In today's lab, we're going to focus on

> Exploring categorical variables

> Turning our categorical variables into dummies

> Cleaning up numeric variables

As with everything in Python, there are lots of different ways to do the same thing, so we're providing some basic code so you have what you need for Assignment 4.  But you may find that when you work with your own data, you'll need to explore the web for other code.

## 1.0 Reading in our libraries, our dataset, and renaming our variables

The next few cells get us back to where we left off last week.  Remember, you need to run all the cells in order - libraries, read data, and rename data, otherwise Python will give you an error message!

In [None]:
# First, We're going to call in our libraries

import numpy as np
import pandas as pd
import math
from scipy import stats
import seaborn as sns
import matplotlib as plt
from datascience import *

pd.options.display.float_format = '{:.2f}'.format

In [None]:
#Show our plots in the Jupyter notebook
%matplotlib inline

In [None]:
#When we start working with nan (missing) values, we can get RuntimeWarning errors - we're going to ignore them here
import warnings
warnings.filterwarnings("ignore", category=RuntimeWarning) 

In [None]:
#Now we're going to read in our data

# Here is my code for reading in the complete CHIS data 2

# col_list = ['AC47', 'AC42', 'SRSEX', 'AC46', 'POVLL', 'AE_VEGI', 'OMBSRR_P1','POVGWD_P1']
#chis_df=pd.read_csv("CHIS_2018_Adult_All.csv", usecols=col_list)
#chis_df

#today we're going to work with the extract as we did last week

chis_df = pd.read_csv('CHISextract2018.csv')
chis_df

In [None]:
chis_df.rename(columns={'AC47':'drank_water', 
                        'AC42':'nhood_fv', 
                        'AE_VEGI':'ate_fv',
                        'SRSEX': 'sex',
                        'AC46': 'drank_sweet',
                        'OMBSRR_P1': 'race_ethnicity',
                        'POVGWD_P1' : 'pov_ratio',
                       'POVLL' : 'pov_cat'}, inplace=True)
chis_df

### Codebook

> AC46: Number of times respondent drank sweet fruit drinks in past month

> AC47: Number of times respondent drank water yesterday

> AE_VEGI: Number of times respondent eats vegetables per week

> AC42: Number of times respondent was able to find fresh fruits/vegetables in neighborhood
(1=Never, 2=Sometimes, 3 = Usually, 4 = Always, 5=Doesn't eat f/v, 6: Doesn't shop for f/v, 7 Doesn't shop in neighborhood)

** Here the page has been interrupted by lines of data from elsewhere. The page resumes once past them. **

locale continuous_section_operator =
  fixes d :: "'x::countable \<Rightarrow> nat" and A :: "'x sec \<Rightarrow> 'x sec"
  assumes A_sections: "A ` sections d \<subseteq> sections d"
    and linear_A: "linear_on_sections d A"
    and continuous_A: "continuous_on (sections d) A"
begin

lemma A_add: "f \<in> sections d \<Longrightarrow> g \<in> sections d \<Longrightarrow> A (f + g) = A f + A g"
  using linear_A unfolding linear_on_sections_def plus_fun_def by simp

lemma A_scale: "f \<in> sections d \<Longrightarrow> A (sec_scale c f) = sec_scale c (A f)"
  using linear_A unfolding linear_on_sections_def sec_scale_def by simp

lemma A_zero: "A 0 = 0"
proof -
  have "A (sec_scale 0 0) = sec_scale 0 (A 0)"
    using subspace_sections[THEN vs.subspace_0] by (rule A_scale)
  then show ?thesis
    by simp
qed

lemma A_sum:
  assumes "\<And>s. s \<in> S \<Longrightarrow> F s \<in> sections d"
  shows "A (\<Sum>s\<in>S. F s) = (\<Sum>s\<in>S. A (F s))"
  using assms
proof (induction S rule: infinite_finite_induct)
  case (insert s S)
  have IH: "A (sum F S) = (\<Sum>s\<in>S. A (F s))"
    using insert.IH insert.prems by blast
  have "A (sum F (insert s S)) = A (F s + sum F S)"
    using insert(1,2) by (subst sum.insert) auto
  also have "\<dots> = A (F s) + A (sum F S)"
    using insert.prems by (intro A_add vs.subspace_sum[OF subspace_sections]) auto
  also have "\<dots> = (\<Sum>s\<in>insert s S. A (F s))"
    using insert(1,2) IH by (subst sum.insert) auto
  finally show ?case .
qed (simp_all add: A_zero)

text \<open>Countability of \<open>X\<close> enters here: a section vanishing on the first \<open>n\<close> points of an
  enumeration of \<open>X\<close> tends to zero as \<open>n \<rightarrow> \<infinity>\<close>.\<close>

lemma coordinate_finite_dependence:
  "\<exists>S. finite S \<and> (\<forall>f\<in>sections d. (\<forall>x\<in>S. f x = (\<lambda>_. 0)) \<longrightarrow> A f y j = 0)"
proof (rule ccontr)
  assume no_finite: "\<not> ?thesis"
  have "\<exists>f. f \<in> sections d \<and> (\<forall>x. to_nat x < n \<longrightarrow> f x = (\<lambda>_. 0)) \<and> A f y j \<noteq> 0" for n
  proof -
    have "finite {x::'x. to_nat x < n}"
      using finite_vimageI[of "{..<n}" "to_nat :: 'x \<Rightarrow> nat"] by (simp add: vimage_def)
    then show ?thesis
      using no_finite by blast
  qed
  then obtain F where F: "\<And>n. F n \<in> sections d" "\<And>n x. to_nat x < n \<Longrightarrow> F n x = (\<lambda>_. 0)"
    "\<And>n. A (F n) y j \<noteq> 0"
    by metis
  define h where "h n = sec_scale (1 / A (F n) y j) (F n)" for n
  have h_sections: "h n \<in> sections d" for n
    using F(1) by (simp add: h_def vs.subspace_scale[OF subspace_sections])
  have "A (h n) y j = 1" for n
  proof -
    have "A (h n) = sec_scale (1 / A (F n) y j) (A (F n))"
      unfolding h_def by (rule A_scale[OF F(1)])
    then show ?thesis
      using F(3)[of n] by (simp add: sec_scale_def)
  qed
  moreover have "h \<longlonglongrightarrow> 0"
    unfolding tendsto_fun_iff
  proof (intro allI)
    fix x i
    have "eventually (\<lambda>n. h n x i = 0) sequentially"
      unfolding eventually_sequentially
      by (rule exI[of _ "Suc (to_nat x)"]) (auto simp: h_def sec_scale_def F(2))
    then show "(\<lambda>n. h n x i) \<longlonglongrightarrow> (0::'x sec) x i"
      by (simp add: tendsto_eventually)
  qed
  then have "(\<lambda>n. A (h n)) \<longlonglongrightarrow> A 0"
    using continuous_A h_sections subspace_sections[THEN vs.subspace_0]
    unfolding continuous_on_sequentially comp_def by blast
  then have "(\<lambda>n. A (h n) y j) \<longlonglongrightarrow> 0"
    by (simp add: A_zero tendsto_fun_iff)
  ultimately show False
    by (simp add: LIMSEQ_const_iff)
qed

lemma pairing_A_finite_dependence:
  assumes "phi \<in> csections_dual d"
  obtains S where "finite S"
    "\<And>f. f \<in> sections d \<Longrightarrow> \<forall>x\<in>S. f x = (\<lambda>_. 0) \<Longrightarrow> pairing d phi (A f) = 0"
proof -
  define SF where
    "SF y j = (SOME S. finite S \<and> (\<forall>f\<in>sections d. (\<forall>x\<in>S. f x = (\<lambda>_. 0)) \<longrightarrow> A f y j = 0))"
    for y j
  have SF: "finite (SF y j) \<and> (\<forall>f\<in>sections d. (\<forall>x\<in>SF y j. f x = (\<lambda>_. 0)) \<longrightarrow> A f y j = 0)"
    for y j
    unfolding SF_def by (rule someI_ex[OF coordinate_finite_dependence])
  let ?P = "supp_sec phi"
  have P: "finite ?P"
    using assms by (rule csections_dual_finite_supp)
  show thesis
  proof (rule that)
    show "finite (\<Union>y\<in>?P. \<Union>j<d y. SF y j)"
      using P SF by (intro finite_UN_I) auto
    fix f assume f: "f \<in> sections d" "\<forall>x\<in>(\<Union>y\<in>?P. \<Union>j<d y. SF y j). f x = (\<lambda>_. 0)"
    have "A f y j = 0" if "y \<in> ?P" "j < d y" for y j
    proof -
      have "\<forall>x\<in>SF y j. f x = (\<lambda>_. 0)"
        using f(2) that by blast
      then show ?thesis
        using SF[of y j] f(1) by blast
    qed
    then show "pairing d phi (A f) = 0"
      by (auto simp: pairing_eq_sum[OF P] intro!: sum.neutral)
  qed
qed

lemma dual_op_exists:
  assumes phi: "phi \<in> csections_dual d"
  shows "\<exists>psi\<in>csections_dual d. \<forall>f\<in>sections d. pairing d psi f = pairing d phi (A f)"
proof -
  interpret P: Vector_Spaces.linear sec_scale "(*)" "pairing d phi"
    by (rule linear_pairing)
  obtain S where S: "finite S"
    "\<And>f. f \<in> sections d \<Longrightarrow> \<forall>x\<in>S. f x = (\<lambda>_. 0) \<Longrightarrow> pairing d phi (A f) = 0"
    using pairing_A_finite_dependence[OF phi] by blast
  define psi where "psi x i = (if x \<in> S \<and> i < d x then pairing d phi (A (delta_sec x i)) else 0)"
    for x i \<comment> \<open>\<open>(A' \<phi>)(x)(i) = (\<phi>, A \<delta>\<^sub>x\<^sub>,\<^sub>i)\<close>, which vanishes for \<open>x \<notin> S\<close>\<close>
  have "supp_sec psi \<subseteq> S"
    by (auto simp: supp_sec_def psi_def fun_eq_iff)
  then have psi_sum: "pairing d psi f = (\<Sum>x\<in>S. \<Sum>i<d x. psi x i * f x i)" for f
    by (rule pairing_eq_sum[OF S(1)])
  have "finite (supp_sec psi)"
    using \<open>supp_sec psi \<subseteq> S\<close> S(1) by (rule finite_subset)
  moreover have "psi x \<in> fibre d x" for x
    by (simp add: fibre_def psi_def)
  ultimately have "psi \<in> csections_dual d"
    by (simp add: csections_dual_iff)
  moreover have "pairing d psi f = pairing d phi (A f)" if f: "f \<in> sections d" for f
  proof -
    define fS where "fS = (\<Sum>x\<in>S. \<Sum>i<d x. sec_scale (f x i) (delta_sec x i))"
    have fS_sections: "fS \<in> sections d"
      unfolding fS_def
      by (intro vs.subspace_sum[OF subspace_sections] vs.subspace_scale[OF subspace_sections]
          delta_sec_sections) auto
    have "fS = (\<lambda>x. if x \<in> S then f x else (\<lambda>_. 0))"
      unfolding fS_def using f by (intro delta_expansion[OF S(1)]) (auto simp: sections_def)
    then have "pairing d phi (A (f - fS)) = 0"
      using f fS_sections by (intro S(2) vs.subspace_diff[OF subspace_sections]) auto
    moreover have "A f = A (f - fS) + A fS"
      using A_add[OF vs.subspace_diff[OF subspace_sections f fS_sections] fS_sections] by simp
    ultimately have "pairing d phi (A f) = pairing d phi (A fS)"
      by (simp add: P.add)
    also have "A fS = (\<Sum>x\<in>S. \<Sum>i<d x. sec_scale (f x i) (A (delta_sec x i)))"
    proof -
      have scaled: "sec_scale (f x i) (delta_sec x i) \<in> sections d" if "i < d x" for x i
        using that by (intro vs.subspace_scale[OF subspace_sections] delta_sec_sections)
      have "A fS = (\<Sum>x\<in>S. A (\<Sum>i<d x. sec_scale (f x i) (delta_sec x i)))"
        unfolding fS_def using scaled by (intro A_sum vs.subspace_sum[OF subspace_sections]) auto
      also have "\<dots> = (\<Sum>x\<in>S. \<Sum>i<d x. A (sec_scale (f x i) (delta_sec x i)))"
        using scaled by (intro sum.cong refl A_sum) auto
      finally show ?thesis
        by (simp add: A_scale delta_sec_sections)
    qed
    also have "pairing d phi \<dots> = (\<Sum>x\<in>S. \<Sum>i<d x. psi x i * f x i)"
      by (auto simp: P.sum P.scale psi_def intro!: sum.cong)
    finally show ?thesis
      by (simp add: psi_sum)
  qed
  ultimately show ?thesis
    by blast
qed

> SRSEX: Self-reported Sex (1= Male, 2=Female)

> OMBSRR_P1: Race/ethnicity
(1=Hispanic, 2= White NH, 3=Black NH, 4=AmIndian/Alaska Native NH, 5=Asian NH, 6=Other or two or more)

> POVLL: poverty level
(1 = 0-99% FPL, 2=100-199% FPL, 3=200-299% FPL, 4=300% FPL and above)

> POVGWD_P1: Family Poverty Threshold Level

##  2.0  Exploring Categorical (or Nominal) Variables

### 2.1 Exploring Nominal Binary Variables

In addition to numeric variables, we also often have to work with "nominal" variables (those with a "Name").  Note that in the CHIS data, the variables that are nominal (e.g. sex, race/ethnicity) are actually assigned number values rather than strings.   

Let's start with looking at the "sex" variable.  It has two possible values, "Male" and "Female".  This is known as a binary or dichotomous variable.  But, even though they are represented by the numbers 1 and 2, we can't treat them as numbers - e.g., adding 2 males together doesn't give us a female.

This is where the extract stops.